Study: FDA’s medicine approval process lacks uniformity

FDAJanuary 22, 2014The Washington Post (1/22, Dennis) reports the FDA’s certifications of medicines being “safe and effective” are based on widely varied data, citing an analysis by researchers at Yale University’s School of Medicine. Nicholas Downing, the lead author of the study, “which examined nearly 200 new drug approvals between 2005 and 2012,” said, “Not all FDA approvals are created equally.” For instance, the study says, the FDA required that many new medicines “prove themselves in large, high-quality clinical trials,” however, about a third received approval based on one clinical trial, while “many other trials involved small groups of patients and shorter durations.”

USA Today (1/21, Szabo) reports the study, published in a series of articles in the Journal of the American Medical Association, found that many heart devices “have been approved through” a FDA “process that assumes newer models are safe and effective based on the approval of earlier versions.” Devices such as implanted defibrillators undergo “rigorous review” when they receive initial approvals but subsequent changes, however, “are often made through a ‘supplemental’ review process that doesn’t necessarily require them to be tested in clinical trials in humans.”

The Wall Street Journal (1/22, Loftus, Subscription Publication) provides a response from the FDA, which said it set specific requirements for each individual medicine but applies the same standards in giving the green signal for safety and efficacy of all medicines. The Federal agency also said it has set higher standards for approval of major modifications to some implantable cardiovascular devices over the past few years, including new studies aimed at finding any problems with devices.

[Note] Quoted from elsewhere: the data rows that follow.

definition relcomp :: "'a topology \<Rightarrow> 'a set \<Rightarrow> 'a set \<Rightarrow> bool" where
  "relcomp X V U \<longleftrightarrow> openin X V \<and> openin X U \<and> V \<subseteq> U \<and>
     (\<forall>\<U>. (\<forall>W\<in>\<U>. openin X W) \<and> \<Union>\<U> = U \<longrightarrow>
        (\<exists>\<J>\<subseteq>\<U>. finite \<J> \<and> V \<subseteq> \<Union>\<J>))"

definition loc_weakly_qc :: "'a topology \<Rightarrow> bool" where
  "loc_weakly_qc X \<longleftrightarrow>
     (\<forall>U x. openin X U \<and> x \<in> U \<longrightarrow>
        (\<forall>N. openin X N \<and> x \<in> N \<longrightarrow> (\<exists>V. relcomp X V U \<and> x \<in> V \<and> V \<subseteq> N))) \<and>
     (\<forall>U V U' V'. relcomp X U' U \<and> relcomp X V' V \<longrightarrow> relcomp X (U' \<inter> V') (U \<inter> V)) \<and>
     (\<forall>U U'. relcomp X U' U \<longrightarrow> (\<exists>W. relcomp X W U \<and> relcomp X U' W))"

inductive_set tsubsets :: "'a topology \<Rightarrow> 'a set set \<Rightarrow> 'a set set" for X T where
  base: "W \<in> T \<Longrightarrow> W \<in> tsubsets X T"
| compl: "A \<in> tsubsets X T \<Longrightarrow> topspace X - A \<in> tsubsets X T"
| union: "A \<in> tsubsets X T \<Longrightarrow> B \<in> tsubsets X T \<Longrightarrow> A \<union> B \<in> tsubsets X T"

definition tconnected :: "'a topology \<Rightarrow> 'a set set \<Rightarrow> 'a set \<Rightarrow> bool" where
  "tconnected X T S \<longleftrightarrow> S \<in> tsubsets X T \<and>
     \<not> (\<exists>A B. A \<in> tsubsets X T \<and> B \<in> tsubsets X T \<and> A \<subset> S \<and> B \<subset> S \<and>
            A \<inter> B = {} \<and> A \<union> B = S \<and>
            openin (subtopology X S) A \<and> closedin (subtopology X S) A \<and>
            openin (subtopology X S) B \<and> closedin (subtopology X S) B)"

definition tcomponents :: "'a topology \<Rightarrow> 'a set set \<Rightarrow> 'a set \<Rightarrow> 'a set set" where
  "tcomponents X T U = {C. C \<subseteq> U \<and> tconnected X T C \<and>
     (\<forall>D. C \<subseteq> D \<and> D \<subseteq> U \<and> tconnected X T D \<longrightarrow> D = C)}"

definition tspace :: "'a topology \<Rightarrow> 'a set set \<Rightarrow> bool" where
  "tspace X T \<longleftrightarrow>
     (\<forall>W\<in>T. openin X W) \<and>
     (\<forall>U x. openin X U \<and> x \<in> U \<longrightarrow> (\<exists>W\<in>T. x \<in> W \<and> W \<subseteq> U)) \<and>
     {} \<in> T \<and>
     (\<forall>A\<in>T. \<forall>B\<in>T. A \<union> B \<in> T \<and> A \<inter> B \<in> T) \<and>
     (\<forall>U\<in>T. finite (tcomponents X T U))"

text \<open>A presheaf F of k-vector spaces on T is given by the subspaces sec W of an
  ambient k-vector space 'v (W in T) and linear restriction maps res W W'.\<close>
definition tpresheaf :: "'a set set \<Rightarrow> ('k::field \<Rightarrow> 'v::ab_group_add \<Rightarrow> 'v)
     \<Rightarrow> ('a set \<Rightarrow> 'v set) \<Rightarrow> ('a set \<Rightarrow> 'a set \<Rightarrow> 'v \<Rightarrow> 'v) \<Rightarrow> bool" where
  "tpresheaf T sc sec res \<longleftrightarrow>
     (\<forall>W\<in>T. 0 \<in> sec W \<and> (\<forall>s\<in>sec W. \<forall>t\<in>sec W. s + t \<in> sec W) \<and>
        (\<forall>c. \<forall>s\<in>sec W. sc c s \<in> sec W)) \<and>
     (\<forall>W\<in>T. \<forall>W'\<in>T. W' \<subseteq> W \<longrightarrow>
        (\<forall>s\<in>sec W. res W W' s \<in> sec W') \<and>
        (\<forall>s\<in>sec W. \<forall>t\<in>sec W. res W W' (s + t) = res W W' s + res W W' t) \<and>
        (\<forall>c. \<forall>s\<in>sec W. res W W' (sc c s) = sc c (res W W' s))) \<and>
     (\<forall>W\<in>T. \<forall>s\<in>sec W. res W W s = s) \<and>
     (\<forall>W\<in>T. \<forall>W'\<in>T. \<forall>W''\<in>T. W'' \<subseteq> W' \<and> W' \<subseteq> W \<longrightarrow>
        (\<forall>s\<in>sec W. res W' W'' (res W W' s) = res W W'' s))"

Modern Healthcare (1/21, Rice, Subscription Publication) notes the authors said “the purpose of the study” was “not to suggest that the FDA is not rigorous in its approach to drug reviews.” One of the authors, Dr. Joseph Ross, assistant professor of general internal medicine at Yale University School of Medicine, said “the regulatory flexibility allows for a customized approach, and the agency can rapidly approve potentially effective therapies for life-threatening diseases.”

Bloomberg News (1/21, Edney), Forbes (1/21), New Haven (CT) Register (1/21), Medscape (1/22) and AFP (1/22) also cover the study.